§ **WORK TO COMPLETE**
From the records below, output exactly the lines running from the line containing "n = monoid_gen" through the line containing "elements that are", and no others.
● ● ● ● ● ● ●
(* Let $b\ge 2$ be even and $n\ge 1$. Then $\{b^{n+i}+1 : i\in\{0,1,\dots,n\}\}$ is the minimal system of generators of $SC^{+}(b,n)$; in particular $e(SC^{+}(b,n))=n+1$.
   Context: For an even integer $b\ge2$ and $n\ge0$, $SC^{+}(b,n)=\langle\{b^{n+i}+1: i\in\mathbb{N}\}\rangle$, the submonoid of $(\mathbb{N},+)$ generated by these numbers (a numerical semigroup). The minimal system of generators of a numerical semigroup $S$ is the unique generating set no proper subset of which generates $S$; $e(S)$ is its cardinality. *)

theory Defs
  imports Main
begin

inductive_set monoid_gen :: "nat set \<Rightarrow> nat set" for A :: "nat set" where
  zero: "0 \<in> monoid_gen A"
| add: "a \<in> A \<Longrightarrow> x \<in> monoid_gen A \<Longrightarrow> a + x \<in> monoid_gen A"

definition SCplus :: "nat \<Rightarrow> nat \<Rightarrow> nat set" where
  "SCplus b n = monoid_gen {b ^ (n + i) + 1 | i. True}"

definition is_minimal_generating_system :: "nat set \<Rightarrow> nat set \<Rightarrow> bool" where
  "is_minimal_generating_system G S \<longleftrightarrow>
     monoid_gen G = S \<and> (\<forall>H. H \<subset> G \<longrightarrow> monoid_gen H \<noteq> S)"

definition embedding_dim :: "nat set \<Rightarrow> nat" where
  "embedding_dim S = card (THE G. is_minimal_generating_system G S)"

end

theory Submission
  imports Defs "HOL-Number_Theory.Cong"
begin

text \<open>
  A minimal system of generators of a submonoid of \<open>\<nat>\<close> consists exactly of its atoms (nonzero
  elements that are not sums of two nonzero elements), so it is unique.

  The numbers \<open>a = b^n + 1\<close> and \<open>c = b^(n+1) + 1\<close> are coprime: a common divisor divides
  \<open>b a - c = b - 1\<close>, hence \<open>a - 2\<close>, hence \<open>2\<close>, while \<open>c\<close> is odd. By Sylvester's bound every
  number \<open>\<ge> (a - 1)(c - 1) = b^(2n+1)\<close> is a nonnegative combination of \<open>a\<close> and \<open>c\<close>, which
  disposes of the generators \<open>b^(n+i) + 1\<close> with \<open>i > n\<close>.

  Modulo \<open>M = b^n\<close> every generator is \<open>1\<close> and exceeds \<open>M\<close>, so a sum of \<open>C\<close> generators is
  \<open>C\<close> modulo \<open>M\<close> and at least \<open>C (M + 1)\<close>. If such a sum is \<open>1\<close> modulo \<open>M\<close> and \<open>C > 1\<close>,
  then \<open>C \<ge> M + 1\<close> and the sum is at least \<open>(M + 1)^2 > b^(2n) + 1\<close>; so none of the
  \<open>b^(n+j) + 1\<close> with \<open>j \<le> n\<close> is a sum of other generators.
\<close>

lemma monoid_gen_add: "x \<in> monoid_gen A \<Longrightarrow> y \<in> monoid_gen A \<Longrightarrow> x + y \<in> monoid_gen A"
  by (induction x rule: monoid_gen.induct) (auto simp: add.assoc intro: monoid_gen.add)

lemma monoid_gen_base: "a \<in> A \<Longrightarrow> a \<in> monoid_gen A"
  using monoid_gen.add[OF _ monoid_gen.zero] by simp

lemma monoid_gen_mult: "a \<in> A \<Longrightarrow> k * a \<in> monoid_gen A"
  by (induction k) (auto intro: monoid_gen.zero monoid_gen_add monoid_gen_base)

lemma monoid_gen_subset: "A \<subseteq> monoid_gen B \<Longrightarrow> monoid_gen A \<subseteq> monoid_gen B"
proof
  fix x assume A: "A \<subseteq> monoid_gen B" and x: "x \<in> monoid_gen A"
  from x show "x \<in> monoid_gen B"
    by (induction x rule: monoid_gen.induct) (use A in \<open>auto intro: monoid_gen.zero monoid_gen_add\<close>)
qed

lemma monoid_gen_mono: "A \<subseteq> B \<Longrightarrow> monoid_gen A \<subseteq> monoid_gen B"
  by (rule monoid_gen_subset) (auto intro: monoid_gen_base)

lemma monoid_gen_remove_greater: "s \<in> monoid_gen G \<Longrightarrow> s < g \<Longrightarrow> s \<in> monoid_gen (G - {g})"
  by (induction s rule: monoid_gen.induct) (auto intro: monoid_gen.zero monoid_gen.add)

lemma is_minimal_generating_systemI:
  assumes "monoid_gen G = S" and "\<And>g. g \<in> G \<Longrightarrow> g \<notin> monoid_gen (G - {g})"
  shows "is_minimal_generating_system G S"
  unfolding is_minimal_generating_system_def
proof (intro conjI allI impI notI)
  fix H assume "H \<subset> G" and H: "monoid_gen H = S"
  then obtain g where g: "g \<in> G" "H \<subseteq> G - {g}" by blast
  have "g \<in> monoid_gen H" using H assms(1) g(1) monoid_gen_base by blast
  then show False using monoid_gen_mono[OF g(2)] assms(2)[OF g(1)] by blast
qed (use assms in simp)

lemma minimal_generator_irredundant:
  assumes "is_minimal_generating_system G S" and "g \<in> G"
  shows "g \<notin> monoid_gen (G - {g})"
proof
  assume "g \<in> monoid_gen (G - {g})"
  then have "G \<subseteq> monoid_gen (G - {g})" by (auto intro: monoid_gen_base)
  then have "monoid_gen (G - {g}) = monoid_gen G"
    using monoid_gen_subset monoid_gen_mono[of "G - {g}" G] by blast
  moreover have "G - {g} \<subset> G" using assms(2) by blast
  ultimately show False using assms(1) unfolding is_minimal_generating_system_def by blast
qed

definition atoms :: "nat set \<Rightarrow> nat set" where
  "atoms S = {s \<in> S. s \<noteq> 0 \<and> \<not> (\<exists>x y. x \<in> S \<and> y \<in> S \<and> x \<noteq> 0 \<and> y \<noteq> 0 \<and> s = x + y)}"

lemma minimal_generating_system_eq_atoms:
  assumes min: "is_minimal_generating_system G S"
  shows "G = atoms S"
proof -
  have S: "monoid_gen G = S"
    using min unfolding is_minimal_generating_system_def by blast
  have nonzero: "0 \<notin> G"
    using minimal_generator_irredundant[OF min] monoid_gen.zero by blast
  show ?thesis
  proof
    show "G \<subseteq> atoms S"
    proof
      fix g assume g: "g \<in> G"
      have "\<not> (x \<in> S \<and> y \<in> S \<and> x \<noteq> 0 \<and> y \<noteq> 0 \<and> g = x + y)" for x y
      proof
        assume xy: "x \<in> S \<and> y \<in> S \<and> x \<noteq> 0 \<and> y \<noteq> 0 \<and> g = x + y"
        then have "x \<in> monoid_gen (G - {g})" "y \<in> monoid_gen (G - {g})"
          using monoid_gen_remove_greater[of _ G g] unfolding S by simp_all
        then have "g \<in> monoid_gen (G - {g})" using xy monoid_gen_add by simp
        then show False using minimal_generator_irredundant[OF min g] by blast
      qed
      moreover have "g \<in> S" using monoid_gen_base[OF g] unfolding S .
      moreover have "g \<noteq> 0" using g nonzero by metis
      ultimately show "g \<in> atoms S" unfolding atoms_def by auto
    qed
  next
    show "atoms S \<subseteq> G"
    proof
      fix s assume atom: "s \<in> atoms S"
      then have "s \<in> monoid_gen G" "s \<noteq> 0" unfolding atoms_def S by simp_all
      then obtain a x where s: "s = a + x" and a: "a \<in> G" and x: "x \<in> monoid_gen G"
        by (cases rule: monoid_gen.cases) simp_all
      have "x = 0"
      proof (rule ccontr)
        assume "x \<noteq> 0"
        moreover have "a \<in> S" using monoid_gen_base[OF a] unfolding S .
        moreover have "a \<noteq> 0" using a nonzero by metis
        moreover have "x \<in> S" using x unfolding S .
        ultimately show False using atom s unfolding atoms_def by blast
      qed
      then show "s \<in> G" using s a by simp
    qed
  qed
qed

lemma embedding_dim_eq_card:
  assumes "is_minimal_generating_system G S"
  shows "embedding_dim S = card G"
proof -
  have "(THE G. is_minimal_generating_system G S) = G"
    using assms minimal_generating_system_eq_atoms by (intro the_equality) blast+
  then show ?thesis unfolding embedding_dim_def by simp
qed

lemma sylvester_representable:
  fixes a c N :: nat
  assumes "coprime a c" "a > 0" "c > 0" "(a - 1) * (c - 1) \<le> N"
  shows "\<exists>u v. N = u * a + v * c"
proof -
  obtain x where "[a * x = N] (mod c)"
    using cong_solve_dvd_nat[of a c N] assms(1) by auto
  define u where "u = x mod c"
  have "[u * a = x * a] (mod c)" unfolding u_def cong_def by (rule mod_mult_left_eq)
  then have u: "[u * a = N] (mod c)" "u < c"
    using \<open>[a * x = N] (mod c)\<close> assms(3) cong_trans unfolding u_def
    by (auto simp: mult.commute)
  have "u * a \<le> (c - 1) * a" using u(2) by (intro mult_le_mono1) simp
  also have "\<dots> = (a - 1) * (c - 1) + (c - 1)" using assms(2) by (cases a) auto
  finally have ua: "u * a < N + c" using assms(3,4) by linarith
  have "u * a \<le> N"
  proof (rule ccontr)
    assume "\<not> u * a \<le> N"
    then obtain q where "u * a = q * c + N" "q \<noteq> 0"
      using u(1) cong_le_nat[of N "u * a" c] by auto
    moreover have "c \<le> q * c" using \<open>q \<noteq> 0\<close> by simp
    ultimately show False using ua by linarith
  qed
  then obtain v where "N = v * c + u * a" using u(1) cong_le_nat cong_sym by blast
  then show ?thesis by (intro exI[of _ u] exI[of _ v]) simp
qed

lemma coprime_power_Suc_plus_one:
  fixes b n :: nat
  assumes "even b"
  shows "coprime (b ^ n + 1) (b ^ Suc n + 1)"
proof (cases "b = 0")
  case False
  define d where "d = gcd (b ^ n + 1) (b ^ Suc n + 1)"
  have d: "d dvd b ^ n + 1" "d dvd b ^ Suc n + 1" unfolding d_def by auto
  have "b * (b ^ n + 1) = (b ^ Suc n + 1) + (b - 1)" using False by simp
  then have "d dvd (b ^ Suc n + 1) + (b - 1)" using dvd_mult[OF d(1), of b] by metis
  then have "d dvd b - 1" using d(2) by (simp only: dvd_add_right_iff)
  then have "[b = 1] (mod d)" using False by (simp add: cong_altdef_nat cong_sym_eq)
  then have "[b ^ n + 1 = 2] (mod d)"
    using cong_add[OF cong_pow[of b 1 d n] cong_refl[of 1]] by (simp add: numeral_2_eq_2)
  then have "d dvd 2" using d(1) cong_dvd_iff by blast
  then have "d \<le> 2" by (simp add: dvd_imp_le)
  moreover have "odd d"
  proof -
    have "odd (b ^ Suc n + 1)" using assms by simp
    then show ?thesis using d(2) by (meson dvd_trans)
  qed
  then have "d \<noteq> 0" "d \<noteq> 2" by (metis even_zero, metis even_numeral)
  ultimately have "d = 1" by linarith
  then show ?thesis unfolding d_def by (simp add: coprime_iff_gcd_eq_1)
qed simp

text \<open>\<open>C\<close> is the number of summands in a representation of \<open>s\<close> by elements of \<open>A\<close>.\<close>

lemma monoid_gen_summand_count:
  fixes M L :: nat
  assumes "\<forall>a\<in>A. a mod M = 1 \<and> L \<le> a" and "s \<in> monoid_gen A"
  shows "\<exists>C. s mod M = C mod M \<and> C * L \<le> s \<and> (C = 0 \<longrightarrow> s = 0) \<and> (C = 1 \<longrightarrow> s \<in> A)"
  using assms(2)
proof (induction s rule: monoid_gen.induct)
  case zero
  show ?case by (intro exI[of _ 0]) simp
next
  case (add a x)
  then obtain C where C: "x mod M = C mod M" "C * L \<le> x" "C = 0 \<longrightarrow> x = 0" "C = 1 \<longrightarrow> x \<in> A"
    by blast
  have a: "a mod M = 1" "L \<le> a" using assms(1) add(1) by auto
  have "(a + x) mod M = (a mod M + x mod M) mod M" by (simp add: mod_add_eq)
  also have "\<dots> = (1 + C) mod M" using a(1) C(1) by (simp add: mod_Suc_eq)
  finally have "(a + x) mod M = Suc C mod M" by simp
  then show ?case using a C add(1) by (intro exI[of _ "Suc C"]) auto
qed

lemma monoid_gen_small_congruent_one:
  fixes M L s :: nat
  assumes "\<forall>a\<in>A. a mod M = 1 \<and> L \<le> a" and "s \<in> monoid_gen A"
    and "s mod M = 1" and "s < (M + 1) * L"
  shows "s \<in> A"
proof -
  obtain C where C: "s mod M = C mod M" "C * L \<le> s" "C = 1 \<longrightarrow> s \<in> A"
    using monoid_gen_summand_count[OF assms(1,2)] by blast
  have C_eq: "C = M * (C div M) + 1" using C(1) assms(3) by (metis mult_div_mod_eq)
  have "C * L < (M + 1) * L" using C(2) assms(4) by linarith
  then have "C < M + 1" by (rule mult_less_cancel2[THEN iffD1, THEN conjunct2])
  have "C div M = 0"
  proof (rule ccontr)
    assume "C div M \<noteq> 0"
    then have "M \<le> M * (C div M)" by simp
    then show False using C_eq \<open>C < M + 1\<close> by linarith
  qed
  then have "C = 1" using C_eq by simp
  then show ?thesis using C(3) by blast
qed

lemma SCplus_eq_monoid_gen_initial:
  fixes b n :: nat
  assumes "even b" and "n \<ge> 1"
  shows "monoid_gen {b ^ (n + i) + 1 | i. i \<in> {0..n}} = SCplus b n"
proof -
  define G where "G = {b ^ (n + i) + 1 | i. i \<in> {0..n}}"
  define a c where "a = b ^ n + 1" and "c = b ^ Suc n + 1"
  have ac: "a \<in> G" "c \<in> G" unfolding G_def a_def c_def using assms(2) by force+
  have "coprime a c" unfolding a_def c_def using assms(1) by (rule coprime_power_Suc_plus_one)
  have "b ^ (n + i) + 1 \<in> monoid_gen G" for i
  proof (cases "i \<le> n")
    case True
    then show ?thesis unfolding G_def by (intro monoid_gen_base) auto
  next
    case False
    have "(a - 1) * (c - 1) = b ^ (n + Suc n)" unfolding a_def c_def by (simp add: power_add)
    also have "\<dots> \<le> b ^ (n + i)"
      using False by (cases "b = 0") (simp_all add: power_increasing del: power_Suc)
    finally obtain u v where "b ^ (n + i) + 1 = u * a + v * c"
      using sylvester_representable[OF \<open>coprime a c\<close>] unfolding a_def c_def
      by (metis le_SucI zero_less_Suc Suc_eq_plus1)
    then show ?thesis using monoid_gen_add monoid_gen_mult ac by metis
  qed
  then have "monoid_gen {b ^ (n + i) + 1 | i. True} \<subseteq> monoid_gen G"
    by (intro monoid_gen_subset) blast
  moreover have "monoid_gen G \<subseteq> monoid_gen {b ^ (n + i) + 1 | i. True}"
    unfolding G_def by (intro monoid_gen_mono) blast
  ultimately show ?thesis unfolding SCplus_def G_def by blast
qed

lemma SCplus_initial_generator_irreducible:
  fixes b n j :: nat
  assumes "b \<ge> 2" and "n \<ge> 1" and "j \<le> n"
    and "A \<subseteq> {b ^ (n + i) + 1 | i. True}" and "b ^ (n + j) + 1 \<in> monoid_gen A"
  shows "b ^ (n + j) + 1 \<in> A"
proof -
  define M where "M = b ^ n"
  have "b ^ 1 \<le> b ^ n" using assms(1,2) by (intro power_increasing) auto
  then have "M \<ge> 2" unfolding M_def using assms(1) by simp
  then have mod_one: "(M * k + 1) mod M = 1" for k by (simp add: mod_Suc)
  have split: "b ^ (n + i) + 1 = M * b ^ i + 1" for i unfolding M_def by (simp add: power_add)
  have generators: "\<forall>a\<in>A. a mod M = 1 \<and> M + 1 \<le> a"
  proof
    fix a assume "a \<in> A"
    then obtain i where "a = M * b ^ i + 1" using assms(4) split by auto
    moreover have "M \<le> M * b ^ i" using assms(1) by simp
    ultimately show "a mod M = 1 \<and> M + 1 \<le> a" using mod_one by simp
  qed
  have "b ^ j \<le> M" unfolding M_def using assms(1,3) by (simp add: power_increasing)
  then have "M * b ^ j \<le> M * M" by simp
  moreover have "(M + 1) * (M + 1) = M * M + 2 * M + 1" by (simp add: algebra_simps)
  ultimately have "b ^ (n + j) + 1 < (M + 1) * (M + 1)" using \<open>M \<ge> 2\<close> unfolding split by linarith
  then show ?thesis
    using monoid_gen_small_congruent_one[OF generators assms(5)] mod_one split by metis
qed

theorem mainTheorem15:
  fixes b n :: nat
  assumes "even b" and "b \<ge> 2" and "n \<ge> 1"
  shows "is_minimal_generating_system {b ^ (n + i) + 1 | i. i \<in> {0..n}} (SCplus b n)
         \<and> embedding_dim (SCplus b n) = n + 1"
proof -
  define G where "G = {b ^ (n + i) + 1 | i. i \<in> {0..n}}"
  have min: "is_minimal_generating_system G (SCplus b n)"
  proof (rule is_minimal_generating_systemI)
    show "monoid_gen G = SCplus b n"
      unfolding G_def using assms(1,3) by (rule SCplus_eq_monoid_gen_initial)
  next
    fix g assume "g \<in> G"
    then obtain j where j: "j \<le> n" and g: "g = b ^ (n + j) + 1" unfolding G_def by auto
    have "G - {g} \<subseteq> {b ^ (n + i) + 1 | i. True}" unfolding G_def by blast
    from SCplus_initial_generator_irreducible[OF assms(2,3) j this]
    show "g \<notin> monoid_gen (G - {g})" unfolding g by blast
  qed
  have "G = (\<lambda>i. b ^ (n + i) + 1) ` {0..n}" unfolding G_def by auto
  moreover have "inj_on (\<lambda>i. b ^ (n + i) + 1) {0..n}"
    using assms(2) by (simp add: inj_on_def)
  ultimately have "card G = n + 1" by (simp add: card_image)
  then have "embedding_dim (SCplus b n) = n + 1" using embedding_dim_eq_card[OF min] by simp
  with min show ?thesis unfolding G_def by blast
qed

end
● ● ● ● ● ● ●
§ **EXERCISE OUTPUT**
  "SCplus b n = monoid_gen {b ^ (n + i) + 1 | i. True}"

definition is_minimal_generating_system :: "nat set \<Rightarrow> nat set \<Rightarrow> bool" where
  "is_minimal_generating_system G S \<longleftrightarrow>
     monoid_gen G = S \<and> (\<forall>H. H \<subset> G \<longrightarrow> monoid_gen H \<noteq> S)"

definition embedding_dim :: "nat set \<Rightarrow> nat" where
  "embedding_dim S = card (THE G. is_minimal_generating_system G S)"

end

theory Submission
  imports Defs "HOL-Number_Theory.Cong"
begin

text \<open>
  A minimal system of generators of a submonoid of \<open>\<nat>\<close> consists exactly of its atoms (nonzero
  elements that are not sums of two nonzero elements), so it is unique.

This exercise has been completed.